Из чего всё же состоит жизнь?
Ведь должна же она из чего-то состоять?
Должна! А раз так, то из чего конкретно?
Вот тут впору задуматься. Когда стоишь в очереди в магазине, это жизнь? Когда готовишься к экзаменам – это жизнь? Когда вокруг тебя на разные голоса визжат металлом заводские станки, и это повторяется каждый день – пять, а то и шесть дней в неделю, это жизнь? Когда хочется уйти, а нельзя; хочется прийти, а тебя не пускают… Когда водка, или лучше спирт, горячим глотком проливается внутрь… Когда рядом с тобой девушка, а ты молчишь, как сосновое полено. И она молчит, и хочется закурить, а курить нельзя, потому что тут не курят. И молчит радио, и не работает магнитофон, потому что его просто нет. Это жизнь? Сломался за городом мопед, и нужно тащить его на себе километров десять. А вокруг жара… Или идёшь в мороз по снежной улице, а уже не гнутся пальцы на руках, а ноги… про них лучше и не вспоминать.
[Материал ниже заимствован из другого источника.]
lemma beta_coords:
  assumes "comp_basis M B"
  shows "(\<forall>k. k \<notin> B \<longrightarrow> beta M B k v = 0) \<and> v = lc M (\<lambda>k. beta M B k v)"
proof -
  have "v \<in> span (colA M ` B)" using comp_basis_span[OF assms] by simp
  then obtain u where u: "v = (\<Sum>w\<in>colA M ` B. u w *\<^sub>R w)"
    using span_finite[of "colA M ` B"] by auto
  define x where "x = (\<lambda>k. if k \<in> B then u (colA M k) else 0)"
  have x0: "\<forall>k. k \<notin> B \<longrightarrow> x k = 0" by (simp add: x_def)
  have "v = (\<Sum>k\<in>B. x k *\<^sub>R colA M k)"
    unfolding u x_def by (simp add: sum.reindex[OF comp_basis_inj[OF assms]])
  then have vx: "v = lc M x" using lc_restrict[OF x0] by simp
  have "(THE x. (\<forall>l. l \<notin> B \<longrightarrow> x l = 0) \<and> v = (\<Sum>l\<in>B. x l *\<^sub>R colA M l)) = x"
  proof (rule the_equality)
    show "(\<forall>l. l \<notin> B \<longrightarrow> x l = 0) \<and> v = (\<Sum>l\<in>B. x l *\<^sub>R colA M l)"
      using x0 vx lc_restrict[OF x0, of M] by simp
  next
    fix x' assume "(\<forall>l. l \<notin> B \<longrightarrow> x' l = 0) \<and> v = (\<Sum>l\<in>B. x' l *\<^sub>R colA M l)"
    then show "x' = x"
      using comp_basis_coords_unique[OF assms _ x0] vx lc_restrict[of B x' M] by metis
  qed
  then have "\<And>k. beta M B k v = x k" unfolding beta_def by simp
  then show ?thesis using x0 vx by (simp add: eq_commute[of v])
qed

section \<open>Complementary indices and column sufficiency\<close>

lemma compl_compl[simp]: "compl_idx (compl_idx k) = k"
  by (cases k) (auto simp: compl_idx_def)

lemma compl_neq[simp]: "compl_idx k \<noteq> k" "k \<noteq> compl_idx k"
  by (cases k; auto simp: compl_idx_def)+

lemma compl_inj: "compl_idx a = compl_idx b \<longleftrightarrow> a = b"
  by (metis compl_compl)

lemma column_sufficient_lc:
  assumes "column_sufficient M" "lc M y = 0" "\<forall>k. y k * y (compl_idx k) \<le> 0"
  shows "y k * y (compl_idx k) = 0"
proof -
  define u where "u = (\<chi> m. y (Inr m))"
  have Mu: "M *v u = (\<chi> m. y (Inl m))" using lc_split[of M y] assms(2) by (simp add: u_def)
  have "\<forall>m. u$m * (M *v u)$m \<le> 0"
  proof
    fix m show "u$m * (M *v u)$m \<le> 0"
      using spec[OF assms(3), of "Inl m"] unfolding Mu unfolding u_def
      by (simp add: compl_idx_def mult.commute)
  qed
  then have "\<forall>m. u$m * (M *v u)$m = 0" using assms(1) unfolding column_sufficient_def by blast
  then show ?thesis unfolding Mu unfolding u_def
    by (cases k) (auto simp: compl_idx_def mult.commute)
qed

lemma complementary_support_products:
  fixes y :: "'n + 'n \<Rightarrow> real"
  assumes "\<forall>k. k \<notin> J \<longrightarrow> y k = 0" "complementary (J - {p})" "k \<noteq> p" "compl_idx k \<noteq> p"
  shows "y k * y (compl_idx k) = 0"
proof (rule ccontr)
  assume "y k * y (compl_idx k) \<noteq> 0"
  then have "k \<in> J - {p}" "compl_idx k \<in> J - {p}" using assms(1,3,4) by auto
  then show False using assms(2) unfolding complementary_def by blast
qed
Ожидание порки, клизмы, драки, службы в армии, начала учебного года, его конца. Предстоящая женитьба, похороны, рождение детей, нежелательная беременность. Менструация, ау! Где ты? Может быть, придёт… А вдруг нет?
И этот кошмар называется жизнью. Нет! Жизнь – это сирень, поцелуй в темноте, тёплый дождь, река, из которой дружно тянешь бреднем рыбу, костёр на берегу. Облака. Пахнущий краской новый велосипед. Запах вокзала, свадьба друзей. Новые листья, пустые праздничные улицы с улетевшими шарами. Прохладная тень. Работа ночью, менструация точно в срок, тёплая постель. Кофе по воскресеньям. Очереди в ГУМе, кот возле кремлёвской стены. Запах туалета в Третьяковке. Метро, трамваи, спиннинги, ружья, порох, пули. Мухи, осы, сожравшие печенье, сопли и высокая температура. Это жизнь?
Картины, музеи, дворцы, мечты, планы, проблемы, радости, гадости, дружба, предательство, любовь, ревность, ненависть, похороны соседей.
Чужая свадьба, чужие похороны. Свои похороны, своя свадьба. Спор, смех, пьянка, похмелье. Скука, тоска, тоска смертная. Сирень, ландыш, розы, навоз, корпоратив.
Стихи Пушкина, Лермонтова, соседки по парте, стихи для одноклассницы, для свадьбы, для дня рождения. Для того, чтобы перед сном. Для того, чтобы утром.
Домашние собаки, кошки, крысы, птицы. И все лезут в постель. Конкретно в постель, потому что им всем – и крысам, и кошкам, и собакам, и птицам, хочется общения и заботы.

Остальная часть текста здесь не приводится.